- Nora Township, Minnesota Location within the state of Minnesota Nora Township, Minnesota Nora Township, Minnesota (the United States)
- Coordinates: 45°42′6″N 95°41′47″W﻿ / ﻿45.70167°N 95.69639°W
- Country: United States
- State: Minnesota
- County: Pope

Area
- • Total: 36.2 sq mi (93.7 km^{2})
- • Land: 33.8 sq mi (87.5 km^{2})
- • Water: 2.4 sq mi (6.2 km^{2})
- Elevation: 1,270 ft (387 m)

Population (2000)
- • Total: 207
- • Density: 6.2/sq mi (2.4/km^{2})
- Time zone: UTC-6 (Central (CST))
- • Summer (DST): UTC-5 (CDT)
- FIPS code: 27-46456
- GNIS feature ID: 0665130

= Nora Township, Pope County, Minnesota =

Nora Township is a township in Pope County, Minnesota, United States. The population was 203 at the 2020 census.

According to Warren Upham, the name Nora was probably derived from Norway.

==Geography==
According to the United States Census Bureau, the township has a total area of 36.2 square miles (93.7 km^{2}), of which 33.8 square miles (87.5 km^{2}) is land and 2.4 square miles (6.2 km^{2}) (6.60%) is water.

==Demographics==
As of the census of 2000, there were 207 people, 84 households, and 59 families residing in the township. The population density was 6.1 people per square mile (2.4/km^{2}). There were 93 housing units at an average density of 2.8/sq mi (1.1/km^{2}).
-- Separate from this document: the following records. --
lemma duration_bound_of_ratios:
  assumes freq: "frequency_bound M h B"
    and tau: "\<forall>n. dos_valid M n \<longrightarrow> \<tau> n \<le> \<Gamma>"
    and S: "0 \<le> S" "S \<le> 1"
    and ratios: "\<forall>n. dos_valid M n \<and> ell \<le> n \<longrightarrow> est_Bd_i M h \<tau> n \<le> S"
  shows "duration_bound M h \<tau> S"
proof -
  define C where "C = (\<Sum>i<ell. \<bar>h i\<bar> + \<bar>\<tau> i\<bar>)"
  have "0 \<le> C" unfolding C_def by (auto intro: sum_nonneg)
  have "measure lebesgue (dos_Xi M h \<tau> 0 s) \<le> (C + \<bar>\<Gamma>\<bar> + 1) + S * s" if "0 \<le> s" for s
  proof (cases "\<exists>m. dos_valid M m \<and> h m \<le> s")
    case False
    then show ?thesis using dos_Xi_empty[of s] \<open>0 \<le> C\<close> S \<open>0 \<le> s\<close> by force
  next
    case True
    then obtain j where j: "dos_valid M j" "h j \<le> s" "\<forall>n. dos_valid M n \<and> h n \<le> s \<longrightarrow> n \<le> j"
      using last_arrival[OF freq] by blast
    let ?b = "h j + \<tau> j"
    have "measure lebesgue (dos_Xi M h \<tau> 0 s) \<le> measure lebesgue (dos_Xi M h \<tau> 0 ?b)"
      using measure_dos_Xi_mono dos_Xi_subset_last_end[OF j(1,3)] by blast
    also have "\<dots> \<le> (C + \<bar>\<Gamma>\<bar> + 1) + S * s"
    proof (cases "ell \<le> j")
      case True
      have "?b \<le> s + \<bar>\<Gamma>\<bar>" using j(1,2) tau by force
      then have "S * ?b \<le> S * s + \<bar>\<Gamma>\<bar>"
        using S mult_left_mono[of ?b "s + \<bar>\<Gamma>\<bar>" S] mult_left_le_one_le[of "\<bar>\<Gamma>\<bar>" S]
        by (simp add: distrib_left)
      moreover have "est_Bd_i M h \<tau> j * ?b \<le> S * ?b"
        using ratios j(1) True end_nonneg[OF j(1)] by (simp add: mult_right_mono)
      ultimately show ?thesis using measure_dos_Xi_end[OF j(1)] \<open>0 \<le> C\<close> by simp
    next
      case False
      have "measure lebesgue (dos_Xi M h \<tau> 0 ?b) \<le> \<bar>h j\<bar> + \<bar>\<tau> j\<bar>"
        using measure_dos_Xi_le[OF end_nonneg[OF j(1)], of M h \<tau>] by linarith
      also have "\<dots> \<le> C"
        unfolding C_def using False by (intro member_le_sum) auto
      finally show ?thesis using S \<open>0 \<le> s\<close> by (simp add: add_increasing2)
    qed
    finally show ?thesis .
  qed
  moreover have "0 < C + \<bar>\<Gamma>\<bar> + 1" using \<open>0 \<le> C\<close> by simp
  ultimately show ?thesis unfolding duration_bound_def using S by blast
qed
The racial makeup of the township was 100.00% White.

There were 84 households, out of which 26.2% had children under the age of 18 living with them, 67.9% were married couples living together, 3.6% had a female householder with no husband present, and 28.6% were non-families. 23.8% of all households were made up of individuals, and 8.3% had someone living alone who was 65 years of age or older. The average household size was 2.46 and the average family size was 2.97.

In the township the population was spread out, with 24.2% under the age of 18, 6.8% from 18 to 24, 27.5% from 25 to 44, 27.1% from 45 to 64, and 14.5% who were 65 years of age or older. The median age was 41 years. For every 100 females, there were 91.7 males. For every 100 females age 18 and over, there were 98.7 males.
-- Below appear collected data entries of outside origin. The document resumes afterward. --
lemma continuous_on_SUP_compact:
  fixes f :: "'a::heine_borel \<Rightarrow> 'b::metric_space \<Rightarrow> real"
  assumes "open S" "compact K" "K \<noteq> {}" and cont: "continuous_on (S \<times> K) (\<lambda>(x, t). f x t)"
  shows "continuous_on S (\<lambda>x. SUP t\<in>K. f x t)"
  unfolding continuous_on_eq_continuous_at[OF \<open>open S\<close>]
proof
  fix x0 assume "x0 \<in> S"
  then obtain r where "r > 0" and ball: "cball x0 r \<subseteq> S"
    using \<open>open S\<close> open_contains_cball by blast
  have bdd: "bdd_above (f x ` K)" if "x \<in> S" for x
  proof -
    have "continuous_on K (\<lambda>t. (\<lambda>(x, t). f x t) (x, t))"
      using that by (intro continuous_on_compose2[OF cont]) (auto intro!: continuous_intros)
    then show ?thesis
      using \<open>compact K\<close> by (simp add: bounded_imp_bdd_above compact_imp_bounded compact_continuous_image)
  qed
  have "uniformly_continuous_on (cball x0 r \<times> K) (\<lambda>(x, t). f x t)"
    using ball \<open>compact K\<close>
    by (intro compact_uniformly_continuous continuous_on_subset[OF cont] compact_Times) auto
  show "isCont (\<lambda>x. SUP t\<in>K. f x t) x0"
    unfolding continuous_at_eps_delta
  proof (intro allI impI)
    fix e :: real assume "e > 0"
    then obtain \<delta> where "\<delta> > 0" and \<delta>: "\<And>p q. p \<in> cball x0 r \<times> K \<Longrightarrow> q \<in> cball x0 r \<times> K \<Longrightarrow>
        dist q p < \<delta> \<Longrightarrow> dist ((\<lambda>(x, t). f x t) q) ((\<lambda>(x, t). f x t) p) < e / 2"
      using \<open>uniformly_continuous_on _ _\<close> unfolding uniformly_continuous_on_def
      by (metis half_gt_zero)
    have "\<bar>(SUP t\<in>K. f y t) - (SUP t\<in>K. f x0 t)\<bar> < e" if "dist y x0 < min \<delta> r" for y
    proof -
      have "y \<in> S"
        using that ball by (auto simp: dist_commute)
      have "\<bar>f y t - f x0 t\<bar> \<le> e / 2" if "t \<in> K" for t
        using \<delta>[of "(x0, t)" "(y, t)"] \<open>dist y x0 < min \<delta> r\<close> \<open>r > 0\<close> that
        by (auto simp: dist_Pair_Pair dist_commute dist_real_def abs_minus_commute)
      then have "\<bar>(SUP t\<in>K. f y t) - (SUP t\<in>K. f x0 t)\<bar> \<le> e / 2"
        using \<open>y \<in> S\<close> \<open>x0 \<in> S\<close> by (intro abs_SUP_diff_le bdd \<open>K \<noteq> {}\<close>)
      with \<open>e > 0\<close> show ?thesis
        by linarith
    qed
    then show "\<exists>d>0. \<forall>y. dist y x0 < d \<longrightarrow>
        dist (SUP t\<in>K. f y t) (SUP t\<in>K. f x0 t) < e"
      using \<open>\<delta> > 0\<close> \<open>r > 0\<close> by (auto simp: dist_real_def intro!: exI[of _ "min \<delta> r"])
  qed
qed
The median income for a household in the township was $33,250, and the median income for a family was $39,583. Males had a median income of $27,917 versus $20,000 for females. The per capita income for the township was $16,833. About 3.9% of families and 7.7% of the population were below the poverty line, including none of those under the age of eighteen and 4.3% of those 65 or over.